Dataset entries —
■ ■ ■ ■

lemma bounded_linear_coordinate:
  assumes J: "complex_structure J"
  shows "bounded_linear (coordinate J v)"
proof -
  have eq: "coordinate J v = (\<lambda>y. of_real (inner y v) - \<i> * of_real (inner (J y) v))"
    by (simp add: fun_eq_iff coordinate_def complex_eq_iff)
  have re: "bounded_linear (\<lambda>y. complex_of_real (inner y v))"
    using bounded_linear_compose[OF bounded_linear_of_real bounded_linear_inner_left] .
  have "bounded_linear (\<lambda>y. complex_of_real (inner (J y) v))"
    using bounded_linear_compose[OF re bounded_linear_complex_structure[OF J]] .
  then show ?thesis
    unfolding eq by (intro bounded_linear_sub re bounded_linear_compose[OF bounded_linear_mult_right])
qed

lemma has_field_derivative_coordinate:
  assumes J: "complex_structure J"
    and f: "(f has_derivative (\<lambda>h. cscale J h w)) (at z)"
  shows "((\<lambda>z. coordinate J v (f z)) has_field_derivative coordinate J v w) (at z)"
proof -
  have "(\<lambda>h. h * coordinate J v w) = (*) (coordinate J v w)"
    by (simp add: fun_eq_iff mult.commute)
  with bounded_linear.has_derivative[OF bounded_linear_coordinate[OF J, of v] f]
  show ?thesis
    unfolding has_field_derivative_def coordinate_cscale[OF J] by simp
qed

■ ■ ■ ■

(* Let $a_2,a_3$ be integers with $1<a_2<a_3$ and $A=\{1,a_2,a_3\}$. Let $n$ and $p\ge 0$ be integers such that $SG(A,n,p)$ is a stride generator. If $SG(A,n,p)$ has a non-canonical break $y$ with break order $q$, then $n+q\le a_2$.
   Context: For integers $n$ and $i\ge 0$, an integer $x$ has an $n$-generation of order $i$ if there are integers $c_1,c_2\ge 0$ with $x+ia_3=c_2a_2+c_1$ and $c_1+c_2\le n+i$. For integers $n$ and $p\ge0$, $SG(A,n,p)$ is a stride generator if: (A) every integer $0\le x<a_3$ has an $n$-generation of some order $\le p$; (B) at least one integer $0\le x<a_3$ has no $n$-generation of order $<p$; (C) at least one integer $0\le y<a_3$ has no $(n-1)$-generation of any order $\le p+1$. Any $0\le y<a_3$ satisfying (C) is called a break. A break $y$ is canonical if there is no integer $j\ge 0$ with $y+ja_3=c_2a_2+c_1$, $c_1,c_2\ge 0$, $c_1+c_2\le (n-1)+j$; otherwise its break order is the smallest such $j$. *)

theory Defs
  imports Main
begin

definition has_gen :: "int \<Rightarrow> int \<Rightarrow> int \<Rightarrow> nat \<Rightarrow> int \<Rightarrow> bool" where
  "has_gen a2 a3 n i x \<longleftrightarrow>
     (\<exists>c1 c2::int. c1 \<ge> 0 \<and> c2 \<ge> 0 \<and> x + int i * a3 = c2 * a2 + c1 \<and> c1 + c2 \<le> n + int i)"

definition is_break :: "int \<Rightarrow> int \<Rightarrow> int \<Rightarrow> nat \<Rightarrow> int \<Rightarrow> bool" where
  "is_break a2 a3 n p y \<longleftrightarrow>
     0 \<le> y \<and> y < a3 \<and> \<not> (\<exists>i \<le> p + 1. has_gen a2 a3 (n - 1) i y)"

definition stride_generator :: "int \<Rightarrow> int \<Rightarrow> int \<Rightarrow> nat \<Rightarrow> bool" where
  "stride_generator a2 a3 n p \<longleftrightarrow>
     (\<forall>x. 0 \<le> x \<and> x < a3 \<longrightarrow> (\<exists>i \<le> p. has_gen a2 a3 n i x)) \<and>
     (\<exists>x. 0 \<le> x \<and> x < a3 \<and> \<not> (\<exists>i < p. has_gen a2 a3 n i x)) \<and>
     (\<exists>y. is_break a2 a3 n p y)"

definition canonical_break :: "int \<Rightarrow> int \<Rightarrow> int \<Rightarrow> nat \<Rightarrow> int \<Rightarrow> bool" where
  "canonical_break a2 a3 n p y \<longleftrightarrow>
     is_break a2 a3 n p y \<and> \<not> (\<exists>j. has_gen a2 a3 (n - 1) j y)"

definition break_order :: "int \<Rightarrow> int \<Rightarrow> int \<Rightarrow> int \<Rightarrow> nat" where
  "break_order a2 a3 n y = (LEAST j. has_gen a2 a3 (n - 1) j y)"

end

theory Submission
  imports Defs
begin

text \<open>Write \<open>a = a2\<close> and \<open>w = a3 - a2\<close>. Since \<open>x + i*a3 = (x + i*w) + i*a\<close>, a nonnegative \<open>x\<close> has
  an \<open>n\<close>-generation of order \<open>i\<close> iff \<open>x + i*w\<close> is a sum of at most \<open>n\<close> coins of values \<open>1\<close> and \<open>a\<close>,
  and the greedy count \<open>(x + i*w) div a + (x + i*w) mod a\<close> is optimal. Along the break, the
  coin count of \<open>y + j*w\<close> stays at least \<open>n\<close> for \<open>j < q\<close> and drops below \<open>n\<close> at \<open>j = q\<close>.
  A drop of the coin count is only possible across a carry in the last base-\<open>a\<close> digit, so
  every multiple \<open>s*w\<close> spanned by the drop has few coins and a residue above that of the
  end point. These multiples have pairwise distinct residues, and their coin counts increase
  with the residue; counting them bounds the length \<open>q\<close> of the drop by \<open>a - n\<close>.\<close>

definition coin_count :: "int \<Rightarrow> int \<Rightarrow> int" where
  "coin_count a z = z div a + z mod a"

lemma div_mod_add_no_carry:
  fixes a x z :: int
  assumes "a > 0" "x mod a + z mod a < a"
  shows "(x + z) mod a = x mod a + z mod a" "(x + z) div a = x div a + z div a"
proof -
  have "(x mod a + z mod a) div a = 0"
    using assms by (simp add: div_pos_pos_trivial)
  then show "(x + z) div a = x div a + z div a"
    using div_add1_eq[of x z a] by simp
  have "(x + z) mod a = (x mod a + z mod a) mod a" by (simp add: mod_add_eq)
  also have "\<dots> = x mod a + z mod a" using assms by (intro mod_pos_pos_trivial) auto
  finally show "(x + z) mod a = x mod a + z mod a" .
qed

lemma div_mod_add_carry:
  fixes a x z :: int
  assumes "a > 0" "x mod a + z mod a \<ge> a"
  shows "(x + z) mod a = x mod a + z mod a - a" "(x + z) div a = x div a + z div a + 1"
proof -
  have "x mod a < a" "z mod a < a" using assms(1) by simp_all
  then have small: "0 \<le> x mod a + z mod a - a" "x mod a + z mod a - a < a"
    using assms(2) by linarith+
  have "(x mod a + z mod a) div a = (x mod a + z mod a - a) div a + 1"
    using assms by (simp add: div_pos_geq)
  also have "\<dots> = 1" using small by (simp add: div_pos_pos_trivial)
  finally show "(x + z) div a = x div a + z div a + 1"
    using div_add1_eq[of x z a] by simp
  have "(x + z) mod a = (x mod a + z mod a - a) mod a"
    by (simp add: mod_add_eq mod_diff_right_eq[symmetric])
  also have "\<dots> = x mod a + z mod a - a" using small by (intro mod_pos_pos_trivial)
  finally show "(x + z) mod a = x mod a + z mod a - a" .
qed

■ ■ ■ ■

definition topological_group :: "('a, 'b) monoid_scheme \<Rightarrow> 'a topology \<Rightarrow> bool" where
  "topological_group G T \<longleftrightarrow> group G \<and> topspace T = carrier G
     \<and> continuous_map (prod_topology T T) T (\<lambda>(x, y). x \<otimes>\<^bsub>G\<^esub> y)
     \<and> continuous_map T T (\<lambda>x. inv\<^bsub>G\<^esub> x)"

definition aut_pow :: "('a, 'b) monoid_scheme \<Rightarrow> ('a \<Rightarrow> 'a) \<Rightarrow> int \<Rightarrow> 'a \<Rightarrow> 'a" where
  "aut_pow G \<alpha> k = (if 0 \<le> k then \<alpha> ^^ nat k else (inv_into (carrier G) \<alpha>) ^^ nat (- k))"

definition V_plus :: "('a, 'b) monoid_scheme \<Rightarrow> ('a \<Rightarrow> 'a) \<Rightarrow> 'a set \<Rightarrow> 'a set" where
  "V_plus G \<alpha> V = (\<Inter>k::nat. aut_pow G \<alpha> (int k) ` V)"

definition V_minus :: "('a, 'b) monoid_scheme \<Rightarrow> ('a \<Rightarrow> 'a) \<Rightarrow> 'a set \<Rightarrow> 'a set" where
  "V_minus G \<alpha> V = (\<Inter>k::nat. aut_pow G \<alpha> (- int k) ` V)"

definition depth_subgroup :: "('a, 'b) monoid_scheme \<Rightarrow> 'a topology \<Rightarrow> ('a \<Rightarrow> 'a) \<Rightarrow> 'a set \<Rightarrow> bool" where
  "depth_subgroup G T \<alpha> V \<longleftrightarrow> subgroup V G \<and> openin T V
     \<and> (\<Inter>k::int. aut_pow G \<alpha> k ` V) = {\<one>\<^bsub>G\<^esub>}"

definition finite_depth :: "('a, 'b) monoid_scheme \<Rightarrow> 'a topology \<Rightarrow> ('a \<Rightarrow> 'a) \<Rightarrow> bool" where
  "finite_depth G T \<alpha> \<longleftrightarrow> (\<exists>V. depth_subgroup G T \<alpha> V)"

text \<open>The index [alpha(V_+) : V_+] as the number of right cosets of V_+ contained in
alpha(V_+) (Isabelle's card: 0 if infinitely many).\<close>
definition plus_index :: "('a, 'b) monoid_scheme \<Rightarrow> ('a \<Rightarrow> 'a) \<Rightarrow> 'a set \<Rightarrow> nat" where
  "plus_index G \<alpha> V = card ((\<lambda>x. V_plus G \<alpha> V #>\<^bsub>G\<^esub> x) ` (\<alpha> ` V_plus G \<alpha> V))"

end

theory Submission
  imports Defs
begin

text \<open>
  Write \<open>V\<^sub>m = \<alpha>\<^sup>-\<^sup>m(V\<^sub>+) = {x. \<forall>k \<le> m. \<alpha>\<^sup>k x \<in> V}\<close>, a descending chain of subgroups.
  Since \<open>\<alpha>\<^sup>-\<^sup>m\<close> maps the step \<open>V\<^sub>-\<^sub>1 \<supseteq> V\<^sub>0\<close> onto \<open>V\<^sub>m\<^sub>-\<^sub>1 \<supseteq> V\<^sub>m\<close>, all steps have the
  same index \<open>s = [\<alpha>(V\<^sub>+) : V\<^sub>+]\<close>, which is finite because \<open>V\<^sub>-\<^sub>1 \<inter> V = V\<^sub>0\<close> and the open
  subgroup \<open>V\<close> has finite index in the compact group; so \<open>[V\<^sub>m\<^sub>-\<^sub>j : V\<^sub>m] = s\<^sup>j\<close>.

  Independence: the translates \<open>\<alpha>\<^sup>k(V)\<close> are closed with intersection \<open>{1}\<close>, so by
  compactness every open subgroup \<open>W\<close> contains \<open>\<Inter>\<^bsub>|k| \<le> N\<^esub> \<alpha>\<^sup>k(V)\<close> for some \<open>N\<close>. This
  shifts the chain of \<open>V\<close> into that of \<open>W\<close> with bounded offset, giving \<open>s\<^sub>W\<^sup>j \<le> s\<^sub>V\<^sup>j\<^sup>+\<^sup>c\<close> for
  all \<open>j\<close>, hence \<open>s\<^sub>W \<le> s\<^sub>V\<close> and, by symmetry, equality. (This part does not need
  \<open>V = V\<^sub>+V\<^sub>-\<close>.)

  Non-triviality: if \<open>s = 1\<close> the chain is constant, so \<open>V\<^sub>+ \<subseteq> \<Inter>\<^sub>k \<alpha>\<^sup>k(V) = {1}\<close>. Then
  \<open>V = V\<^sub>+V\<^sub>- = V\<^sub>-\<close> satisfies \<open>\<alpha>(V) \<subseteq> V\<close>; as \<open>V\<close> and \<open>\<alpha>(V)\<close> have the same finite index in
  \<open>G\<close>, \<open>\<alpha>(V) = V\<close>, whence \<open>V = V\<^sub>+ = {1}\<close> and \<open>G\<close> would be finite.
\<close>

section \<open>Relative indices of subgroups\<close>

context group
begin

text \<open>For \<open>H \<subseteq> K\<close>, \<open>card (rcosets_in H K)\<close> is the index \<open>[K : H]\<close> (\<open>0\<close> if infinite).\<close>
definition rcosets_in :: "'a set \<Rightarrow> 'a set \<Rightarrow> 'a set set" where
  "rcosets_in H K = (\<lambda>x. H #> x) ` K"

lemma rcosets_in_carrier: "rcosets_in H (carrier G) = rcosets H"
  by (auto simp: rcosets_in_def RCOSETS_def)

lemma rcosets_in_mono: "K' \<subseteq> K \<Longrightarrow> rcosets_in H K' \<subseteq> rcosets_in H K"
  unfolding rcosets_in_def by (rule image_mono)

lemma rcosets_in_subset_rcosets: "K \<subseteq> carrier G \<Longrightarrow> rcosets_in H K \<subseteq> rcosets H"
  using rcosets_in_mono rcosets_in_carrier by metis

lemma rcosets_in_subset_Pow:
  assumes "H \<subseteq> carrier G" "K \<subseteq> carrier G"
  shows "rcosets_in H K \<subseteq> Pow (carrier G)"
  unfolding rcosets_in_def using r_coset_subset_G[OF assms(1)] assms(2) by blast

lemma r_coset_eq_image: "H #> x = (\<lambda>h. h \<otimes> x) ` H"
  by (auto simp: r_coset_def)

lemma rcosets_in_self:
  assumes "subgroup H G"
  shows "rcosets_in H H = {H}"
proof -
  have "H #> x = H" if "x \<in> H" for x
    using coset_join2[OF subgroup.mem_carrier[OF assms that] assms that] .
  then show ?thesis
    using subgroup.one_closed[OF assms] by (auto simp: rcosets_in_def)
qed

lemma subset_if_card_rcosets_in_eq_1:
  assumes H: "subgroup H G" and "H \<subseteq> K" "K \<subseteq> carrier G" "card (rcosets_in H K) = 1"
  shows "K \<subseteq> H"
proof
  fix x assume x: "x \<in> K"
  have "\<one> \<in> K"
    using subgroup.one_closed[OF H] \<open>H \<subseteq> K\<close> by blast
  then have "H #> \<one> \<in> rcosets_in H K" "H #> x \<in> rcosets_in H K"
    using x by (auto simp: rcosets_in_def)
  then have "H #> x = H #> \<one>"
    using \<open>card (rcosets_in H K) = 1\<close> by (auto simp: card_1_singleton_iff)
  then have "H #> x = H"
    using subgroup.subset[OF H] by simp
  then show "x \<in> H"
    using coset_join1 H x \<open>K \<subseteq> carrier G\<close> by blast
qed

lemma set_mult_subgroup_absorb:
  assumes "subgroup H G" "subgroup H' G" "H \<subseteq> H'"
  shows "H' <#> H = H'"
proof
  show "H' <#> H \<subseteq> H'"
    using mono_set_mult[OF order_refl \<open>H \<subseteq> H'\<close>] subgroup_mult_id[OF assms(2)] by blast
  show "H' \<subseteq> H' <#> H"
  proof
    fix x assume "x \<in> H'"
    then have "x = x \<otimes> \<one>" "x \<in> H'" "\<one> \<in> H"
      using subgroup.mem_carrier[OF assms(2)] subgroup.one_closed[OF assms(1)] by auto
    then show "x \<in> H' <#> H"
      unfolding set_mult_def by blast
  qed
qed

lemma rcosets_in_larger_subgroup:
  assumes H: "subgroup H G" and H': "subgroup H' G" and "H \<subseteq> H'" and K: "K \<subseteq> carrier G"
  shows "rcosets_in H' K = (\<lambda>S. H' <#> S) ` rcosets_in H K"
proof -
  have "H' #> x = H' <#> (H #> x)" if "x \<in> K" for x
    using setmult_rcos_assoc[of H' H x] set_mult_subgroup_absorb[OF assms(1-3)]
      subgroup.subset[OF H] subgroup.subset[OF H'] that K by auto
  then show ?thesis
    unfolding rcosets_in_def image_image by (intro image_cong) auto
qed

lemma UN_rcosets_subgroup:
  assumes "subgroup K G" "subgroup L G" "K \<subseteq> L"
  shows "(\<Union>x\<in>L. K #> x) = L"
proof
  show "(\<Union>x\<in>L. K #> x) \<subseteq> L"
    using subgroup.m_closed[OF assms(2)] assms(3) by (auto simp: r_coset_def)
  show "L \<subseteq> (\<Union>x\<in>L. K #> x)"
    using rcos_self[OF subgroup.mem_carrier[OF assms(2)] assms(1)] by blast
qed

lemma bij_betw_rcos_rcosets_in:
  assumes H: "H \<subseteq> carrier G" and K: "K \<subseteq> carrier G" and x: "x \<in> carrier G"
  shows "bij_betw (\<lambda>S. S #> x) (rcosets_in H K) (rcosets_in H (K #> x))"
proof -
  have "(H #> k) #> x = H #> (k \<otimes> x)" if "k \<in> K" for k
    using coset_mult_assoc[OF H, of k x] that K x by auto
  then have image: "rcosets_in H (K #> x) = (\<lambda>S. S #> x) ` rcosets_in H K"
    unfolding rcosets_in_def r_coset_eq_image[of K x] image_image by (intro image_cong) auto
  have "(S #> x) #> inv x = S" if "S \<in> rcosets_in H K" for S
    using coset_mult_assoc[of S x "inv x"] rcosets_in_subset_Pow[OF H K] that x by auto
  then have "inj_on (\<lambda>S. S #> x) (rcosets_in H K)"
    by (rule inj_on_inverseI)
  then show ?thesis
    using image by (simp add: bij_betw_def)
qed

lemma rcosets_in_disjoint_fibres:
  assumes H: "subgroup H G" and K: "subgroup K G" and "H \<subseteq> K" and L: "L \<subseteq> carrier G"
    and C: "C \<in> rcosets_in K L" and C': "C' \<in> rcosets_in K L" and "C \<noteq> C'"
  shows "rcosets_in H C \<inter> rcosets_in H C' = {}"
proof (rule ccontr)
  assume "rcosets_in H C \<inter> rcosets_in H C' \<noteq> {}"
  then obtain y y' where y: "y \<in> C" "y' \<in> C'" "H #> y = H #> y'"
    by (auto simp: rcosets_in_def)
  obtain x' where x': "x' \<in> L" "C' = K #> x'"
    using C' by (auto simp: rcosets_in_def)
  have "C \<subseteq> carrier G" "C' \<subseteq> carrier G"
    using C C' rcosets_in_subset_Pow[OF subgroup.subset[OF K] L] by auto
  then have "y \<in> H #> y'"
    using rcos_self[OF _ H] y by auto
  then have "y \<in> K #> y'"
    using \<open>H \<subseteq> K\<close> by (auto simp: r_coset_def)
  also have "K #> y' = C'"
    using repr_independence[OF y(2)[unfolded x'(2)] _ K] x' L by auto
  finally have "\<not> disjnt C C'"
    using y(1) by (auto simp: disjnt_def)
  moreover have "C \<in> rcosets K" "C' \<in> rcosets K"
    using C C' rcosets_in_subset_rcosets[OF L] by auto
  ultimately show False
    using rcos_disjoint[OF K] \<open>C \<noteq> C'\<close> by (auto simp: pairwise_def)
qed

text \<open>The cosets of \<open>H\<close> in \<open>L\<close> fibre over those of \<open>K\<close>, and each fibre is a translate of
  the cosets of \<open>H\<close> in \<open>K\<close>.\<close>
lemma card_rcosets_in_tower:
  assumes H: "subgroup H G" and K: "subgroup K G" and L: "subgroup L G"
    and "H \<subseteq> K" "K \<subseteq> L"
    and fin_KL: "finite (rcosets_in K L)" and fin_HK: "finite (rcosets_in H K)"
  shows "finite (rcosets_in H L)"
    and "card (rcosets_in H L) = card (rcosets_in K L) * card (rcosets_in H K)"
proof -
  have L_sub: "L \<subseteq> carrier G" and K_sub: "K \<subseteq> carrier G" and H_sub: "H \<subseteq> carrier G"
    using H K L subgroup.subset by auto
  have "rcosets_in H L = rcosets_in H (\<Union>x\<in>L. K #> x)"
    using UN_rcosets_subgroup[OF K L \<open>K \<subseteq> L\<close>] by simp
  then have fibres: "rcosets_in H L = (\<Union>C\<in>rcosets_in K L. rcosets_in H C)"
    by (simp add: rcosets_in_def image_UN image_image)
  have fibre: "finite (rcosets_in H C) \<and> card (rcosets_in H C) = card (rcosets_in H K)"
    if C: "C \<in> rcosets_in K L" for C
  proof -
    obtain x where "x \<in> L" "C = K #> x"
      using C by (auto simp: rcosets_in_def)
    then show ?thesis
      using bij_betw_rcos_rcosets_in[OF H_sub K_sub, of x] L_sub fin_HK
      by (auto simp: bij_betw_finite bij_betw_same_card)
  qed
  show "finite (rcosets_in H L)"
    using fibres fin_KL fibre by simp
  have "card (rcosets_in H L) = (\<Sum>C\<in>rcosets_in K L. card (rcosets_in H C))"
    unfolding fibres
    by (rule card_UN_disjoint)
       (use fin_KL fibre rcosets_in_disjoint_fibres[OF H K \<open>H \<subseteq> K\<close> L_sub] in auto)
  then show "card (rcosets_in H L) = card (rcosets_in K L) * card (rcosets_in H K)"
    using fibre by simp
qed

■ ■ ■ ■

DIRECTIONS —
Search the data above for the string "with" and copy each line that has it.

YOUR SOLUTION —
  with bounded_linear.has_derivative[OF bounded_linear_coordinate[OF J, of v] f]
(* Let $a_2,a_3$ be integers with $1<a_2<a_3$ and $A=\{1,a_2,a_3\}$. Let $n$ and $p\ge 0$ be integers such that $SG(A,n,p)$ is a stride generator. If $SG(A,n,p)$ has a non-canonical break $y$ with break order $q$, then $n+q\le a_2$.
   Context: For integers $n$ and $i\ge 0$, an integer $x$ has an $n$-generation of order $i$ if there are integers $c_1,c_2\ge 0$ with $x+ia_3=c_2a_2+c_1$ and $c_1+c_2\le n+i$. For integers $n$ and $p\ge0$, $SG(A,n,p)$ is a stride generator if: (A) every integer $0\le x<a_3$ has an $n$-generation of some order $\le p$; (B) at least one integer $0\le x<a_3$ has no $n$-generation of order $<p$; (C) at least one integer $0\le y<a_3$ has no $(n-1)$-generation of any order $\le p+1$. Any $0\le y<a_3$ satisfying (C) is called a break. A break $y$ is canonical if there is no integer $j\ge 0$ with $y+ja_3=c_2a_2+c_1$, $c_1,c_2\ge 0$, $c_1+c_2\le (n-1)+j$; otherwise its break order is the smallest such $j$. *)
  with the residue; counting them bounds the length \<open>q\<close> of the drop by \<open>a - n\<close>.\<close>
  Independence: the translates \<open>\<alpha>\<^sup>k(V)\<close> are closed with intersection \<open>{1}\<close>, so by
  shifts the chain of \<open>V\<close> into that of \<open>W\<close> with bounded offset, giving \<open>s\<^sub>W\<^sup>j \<le> s\<^sub>V\<^sup>j\<^sup>+\<^sup>c\<close> for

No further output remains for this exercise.